**What the exercise asks:**
Set down word for word the lines that begin the entries and run through the line containing "nat \<Rightarrow> nat \<times>". Give nothing further.

(Extracted data entries)
lemma tile_at_grid:
  "tile_at (grid_E m n) id lam (i, j) =
     (if Suc i < m \<and> j < n then {#lam (((i, j), (Suc i, j)), False)#} else {#}) +
     (if i < m \<and> Suc j < n then {#lam (((i, j), (i, Suc j)), False)#} else {#}) +
     (if 0 < i \<and> i < m \<and> j < n then {#lam (((i - 1, j), (i, j)), True)#} else {#}) +
     (if 0 < j \<and> i < m \<and> j < n then {#lam (((i, j - 1), (i, j)), True)#} else {#})"
  unfolding tile_at_eq_sum_out_in[OF finite_grid_E] id_apply grid_edges_from grid_edges_to
  by (auto simp: sum.union_disjoint)

definition on_border :: "nat \<Rightarrow> nat \<Rightarrow> bool" where
  "on_border m i \<longleftrightarrow> i = 0 \<or> i = m - 1"

lemma on_border_0 [simp]: "on_border m 0"
  by (simp add: on_border_def)

definition border_count :: "nat \<Rightarrow> nat \<Rightarrow> nat \<times> nat \<Rightarrow> nat" where
  "border_count m n v = of_bool (on_border m (fst v)) + of_bool (on_border n (snd v))"

lemma size_tile_at_grid:
  assumes "i < m" "j < n" "1 < m" "1 < n"
  shows "size (tile_at (grid_E m n) id lam (i, j)) = 4 - border_count m n (i, j)"
  using assms by (auto simp: tile_at_grid border_count_def on_border_def)

lemma sum_on_border:
  fixes g :: "bool \<Rightarrow> int"
  assumes "1 < n"
  shows "(\<Sum>j\<in>{0..<n}. g (on_border n j)) = 2 * g True + (int n - 2) * g False"
proof -
  have "{0..<n} = {0, n - 1} \<union> {1..<n - 1}" "{0, n - 1} \<inter> {1..<n - 1} = {}"
    using assms by auto
  then have "(\<Sum>j\<in>{0..<n}. g (on_border n j)) =
      (\<Sum>j\<in>{0, n - 1}. g (on_border n j)) + (\<Sum>j\<in>{1..<n - 1}. g (on_border n j))"
    by (metis finite.emptyI finite.insertI finite_atLeastLessThan sum.union_disjoint)
  also have "\<dots> = 2 * g True + (\<Sum>j\<in>{1..<n - 1}. g False)"
    using assms by (auto simp: on_border_def intro!: sum.cong)
  finally show ?thesis
    using assms by (simp add: of_nat_diff)
qed

lemma sum_border_count_grid:
  fixes w :: "nat \<Rightarrow> int"
  assumes "1 < m" "1 < n"
  shows "(\<Sum>v\<in>grid_V m n. w (border_count m n v)) =
    4 * w 2 + 2 * ((int m - 2) + (int n - 2)) * w 1 + (int m - 2) * (int n - 2) * w 0"
proof -
  have "(\<Sum>v\<in>grid_V m n. w (border_count m n v)) =
      (\<Sum>i\<in>{0..<m}. \<Sum>j\<in>{0..<n}. w (of_bool (on_border m i) + of_bool (on_border n j)))"
    by (simp add: grid_V_def border_count_def sum.cartesian_product')
  also have "\<dots> = (\<Sum>i\<in>{0..<m}.
      2 * w (of_bool (on_border m i) + 1) + (int n - 2) * w (of_bool (on_border m i)))"
  proof (rule sum.cong[OF refl])
    fix i
    show "(\<Sum>j\<in>{0..<n}. w (of_bool (on_border m i) + of_bool (on_border n j))) =
        2 * w (of_bool (on_border m i) + 1) + (int n - 2) * w (of_bool (on_border m i))"
      using sum_on_border[OF assms(2), of "\<lambda>b. w (of_bool (on_border m i) + of_bool b)"] by simp
  qed
  also have "\<dots> = 2 * (2 * w 2 + (int n - 2) * w 1) + (int m - 2) * (2 * w 1 + (int n - 2) * w 0)"
    using sum_on_border[OF assms(1), of "\<lambda>b. 2 * w (of_bool b + 1) + (int n - 2) * w (of_bool b)"]
    by (simp add: numeral_2_eq_2)
  finally show ?thesis
    by (simp add: algebra_simps)
qed

lemma sum_border_count_interior:
  fixes w :: "nat \<Rightarrow> int"
  assumes "1 < m" "1 < n"
  shows "(\<Sum>v\<in>{1..<m - 1} \<times> {1..<n - 1}. w (border_count m n v)) = (int m - 2) * (int n - 2) * w 0"
proof -
  have "(\<Sum>v\<in>{1..<m - 1} \<times> {1..<n - 1}. w (border_count m n v)) = (\<Sum>v\<in>{1..<m - 1} \<times> {1..<n - 1}. w 0)"
    by (intro sum.cong) (auto simp: border_count_def on_border_def)
  then show ?thesis
    using assms by (simp add: of_nat_diff)
qed

lemma sum_border_count_first_column:
  fixes w :: "nat \<Rightarrow> int"
  assumes "1 < m"
  shows "(\<Sum>v\<in>{0..<m} \<times> {0}. w (border_count m n v)) = 2 * w 2 + (int m - 2) * w 1"
  using sum_on_border[OF assms, of "\<lambda>b. w (of_bool b + 1)"]
  by (simp add: sum.cartesian_product' border_count_def numeral_2_eq_2)

lemma sum_border_count_first_row:
  fixes w :: "nat \<Rightarrow> int"
  assumes "1 < n"
  shows "(\<Sum>v\<in>{0} \<times> {0..<n}. w (border_count m n v)) = 2 * w 2 + (int n - 2) * w 1"
  using sum_on_border[OF assms, of "\<lambda>b. w (1 + of_bool b)"]
  by (simp add: sum.cartesian_product' border_count_def numeral_2_eq_2)

lemma card_cut_edges_grid_rectangle:
  "card (cut_edges (grid_E m n) id ({i0..<i1} \<times> {j0..<j1})) \<le>
     (j1 - j0) * (of_bool (0 < i0) + of_bool (i1 < m)) +
     (i1 - i0) * (of_bool (0 < j0) + of_bool (j1 < n))"
proof -
  have card_side: "card (if b then f ` A else {}) \<le> of_bool b * card A"
    if "finite A" for b and f :: "nat \<Rightarrow> 'a" and A
    using that
    by (simp add: card_image_le)
  have "cut_edges (grid_E m n) id ({i0..<i1} \<times> {j0..<j1}) \<subseteq>
      ((if 0 < i0 then (\<lambda>j. ((i0 - 1, j), (i0, j))) ` {j0..<j1} else {}) \<union>
       (if i1 < m then (\<lambda>j. ((i1 - 1, j), (i1, j))) ` {j0..<j1} else {})) \<union>
      ((if 0 < j0 then (\<lambda>i. ((i, j0 - 1), (i, j0))) ` {i0..<i1} else {}) \<union>
       (if j1 < n then (\<lambda>i. ((i, j1 - 1), (i, j1))) ` {i0..<i1} else {}))"
    by (auto simp: cut_edges_def grid_E_def grid_V_def image_iff)
  then have "card (cut_edges (grid_E m n) id ({i0..<i1} \<times> {j0..<j1})) \<le> card \<dots>"
    by (intro card_mono) auto
  also have "\<dots> \<le> of_bool (0 < i0) * (j1 - j0) + of_bool (i1 < m) * (j1 - j0) +
      (of_bool (0 < j0) * (i1 - i0) + of_bool (j1 < n) * (i1 - i0))"
    by (intro card_Un_le[THEN order_trans] add_mono card_side[THEN order_trans]) auto
  finally show ?thesis
    by (simp add: algebra_simps)
qed

(* Label 1 runs once around the border cycle in a consistent direction; every other edge
   carries label 0, with Sym 0 at its endpoint nearer to the corner (0, 0). *)
definition border_cycle_label :: "nat \<Rightarrow> nat \<Rightarrow> (nat \<times> nat) \<times> (nat \<times> nat) \<Rightarrow> nat cet" where
  "border_cycle_label m n e = (case e of ((i, j), (i', j')) \<Rightarrow>
     if i = 0 \<and> i' = 0 \<or> j = n - 1 \<and> j' = n - 1 then Sym 1
     else if i = m - 1 \<and> i' = m - 1 \<or> j = 0 \<and> j' = 0 then Hat 1
     else Sym 0)"

definition border_cycle_design ::
    "nat \<Rightarrow> nat \<Rightarrow> ((nat \<times> nat) \<times> (nat \<times> nat)) \<times> bool \<Rightarrow> nat cet" where
  "border_cycle_design m n h =
     (if snd h then comp (border_cycle_label m n (fst h)) else border_cycle_label m n (fst h))"

definition grid_pot :: "nat tile set" where
  "grid_pot = {{#Sym 1, Hat 1#}, {#Sym 0, Sym 1, Hat 1#}, {#Hat 0, Sym 1, Hat 1#},
               {#Sym 0, Sym 0, Hat 0, Hat 0#}}"

lemma card_grid_pot: "card grid_pot = 4"
  unfolding grid_pot_def
  by (auto simp: card_insert_if
      dest: arg_cong[where f = "\<lambda>M. count M (Sym 0)"] arg_cong[where f = size])

lemma pot_grid_pot: "pot grid_pot"
  unfolding pot_def grid_pot_def by auto

lemma realizes_grid_pot:
  assumes "2 < m" "2 < n"
  shows "realizes grid_pot (grid_V m n) (grid_E m n) id"
  unfolding realizes_def
proof (intro exI conjI)
  show "assembly_design (grid_E m n) (border_cycle_design m n)"
    by (simp add: assembly_design_def border_cycle_design_def)
  show "pot_of_design (grid_V m n) (grid_E m n) id (border_cycle_design m n) \<subseteq> grid_pot"
  proof
    fix t
    assume "t \<in> pot_of_design (grid_V m n) (grid_E m n) id (border_cycle_design m n)"
    then obtain i j where ij: "i < m" "j < n"
      and t: "t = tile_at (grid_E m n) id (border_cycle_design m n) (i, j)"
      by (auto simp: pot_of_design_def grid_V_def)
    show "t \<in> grid_pot"
      unfolding t tile_at_grid border_cycle_design_def border_cycle_label_def grid_pot_def
      using ij assms by (auto simp: add_mset_commute)
  qed
qed

lemma charge_constraints_unit_side:
  fixes q a b c :: int
  assumes "1 \<le> q" "odd b" "even c"
    and balance: "4 * a + 2 * (1 + q) * b + q * c = 0"
    and side: "\<bar>2 * a + b\<bar> \<le> 3"
  shows "q = 1 \<or> q = 3"
proof -
  define A D where "A = 2 * a + b" and "D = 2 * b + c"
  have "2 * A = - (q * D)"
    using balance by (simp add: A_def D_def algebra_simps)
  then have "\<bar>q * D\<bar> = \<bar>2 * A\<bar>"
    by simp
  then have qD: "q * \<bar>D\<bar> = 2 * \<bar>A\<bar>"
    using \<open>1 \<le> q\<close> by (simp add: abs_mult)
  have "odd A" "even D"
    using assms by (simp_all add: A_def D_def)
  then have "D \<noteq> 0"
    using \<open>2 * A = - (q * D)\<close> by auto
  with \<open>even D\<close> have "2 \<le> \<bar>D\<bar>"
    by presburger
  have "q * 2 \<le> q * \<bar>D\<bar>"
    using \<open>2 \<le> \<bar>D\<bar>\<close> \<open>1 \<le> q\<close> by (intro mult_left_mono) auto
  also have "\<dots> \<le> 6"
    using qD side by (simp add: A_def)
  finally have "q \<le> 3"
    by simp
  moreover have "odd q"
  proof
    assume "even q"
    with \<open>even D\<close> have "2 * 2 dvd q * \<bar>D\<bar>"
      using mult_dvd_mono[of 2 q 2 "\<bar>D\<bar>"] by simp
    with qD \<open>odd A\<close> show False
      by presburger
  qed
  ultimately show ?thesis
    using \<open>1 \<le> q\<close> by presburger
qed

lemma grid_charge_constraints_solutions:
  fixes p q a b c :: int
  assumes "1 \<le> p" "1 \<le> q" "\<bar>a\<bar> \<le> 2" "odd b" "even c"
    and balance: "4 * a + 2 * (p + q) * b + p * q * c = 0"
    and interior: "\<bar>p * q * c\<bar> \<le> 2 * (p + q)"
    and column: "\<bar>2 * a + p * b\<bar> \<le> p + 2"
    and row: "\<bar>2 * a + q * b\<bar> \<le> q + 2"
  shows "(p, q) \<in> {(1, 1), (1, 3), (3, 1), (2, 2)}"
proof (cases "c = 0")
  case True
  then have "(p + q) * b = - (2 * a)"
    using balance by (simp add: algebra_simps)
  then have "even (p + q)"
    using \<open>odd b\<close> by (metis dvd_minus_iff dvd_triv_left even_mult_iff)
  have "b \<noteq> 0"
    using \<open>odd b\<close> by auto
  then have "(p + q) * 1 \<le> (p + q) * \<bar>b\<bar>"
    using assms(1,2) by (intro mult_left_mono) auto
  also have "\<dots> = \<bar>(p + q) * b\<bar>"
    using assms(1,2) by (simp add: abs_mult)
  also have "\<dots> = 2 * \<bar>a\<bar>"
    using \<open>(p + q) * b = - (2 * a)\<close> by (simp add: abs_mult)
  finally have "p + q \<le> 4"
    using \<open>\<bar>a\<bar> \<le> 2\<close> by simp
  with \<open>even (p + q)\<close> assms(1,2) show ?thesis
    by (simp only: insert_iff empty_iff prod.inject) presburger
next
  case False
  with \<open>even c\<close> have "2 \<le> \<bar>c\<bar>"
    by presburger
  then have "p * q * 2 \<le> \<bar>p * q * c\<bar>"
    using assms(1,2) by (simp add: abs_mult mult_left_mono)
  with interior have "(p - 1) * (q - 1) \<le> 1"
    by (simp add: algebra_simps)
  then consider "p = 1" | "q = 1" | "p = 2" "q = 2"
    using assms(1,2) mult_mono[of 1 "p - 1" 1 "q - 1"] pos_zmult_eq_1_iff[of "p - 1" "q - 1"]
    by fastforce
  then show ?thesis
  proof cases
    case 1
    then have "q = 1 \<or> q = 3"
      using charge_constraints_unit_side[of q b c a] assms column by simp
    with 1 show ?thesis
      by auto
  next
    case 2
    then have "p = 1 \<or> p = 3"
      using charge_constraints_unit_side[of p b c a] assms row by (simp add: algebra_simps)
    with 2 show ?thesis
      by auto
  qed simp
qed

**Output:**
lemma tile_at_grid:
  "tile_at (grid_E m n) id lam (i, j) =
     (if Suc i < m \<and> j < n then {#lam (((i, j), (Suc i, j)), False)#} else {#}) +
     (if i < m \<and> Suc j < n then {#lam (((i, j), (i, Suc j)), False)#} else {#}) +
     (if 0 < i \<and> i < m \<and> j < n then {#lam (((i - 1, j), (i, j)), True)#} else {#}) +
     (if 0 < j \<and> i < m \<and> j < n then {#lam (((i, j - 1), (i, j)), True)#} else {#})"
  unfolding tile_at_eq_sum_out_in[OF finite_grid_E] id_apply grid_edges_from grid_edges_to
  by (auto simp: sum.union_disjoint)

definition on_border :: "nat \<Rightarrow> nat \<Rightarrow> bool" where
  "on_border m i \<longleftrightarrow> i = 0 \<or> i = m - 1"

lemma on_border_0 [simp]: "on_border m 0"
  by (simp add: on_border_def)

definition border_count :: "nat \<Rightarrow> nat \<Rightarrow> nat \<times> nat \<Rightarrow> nat" where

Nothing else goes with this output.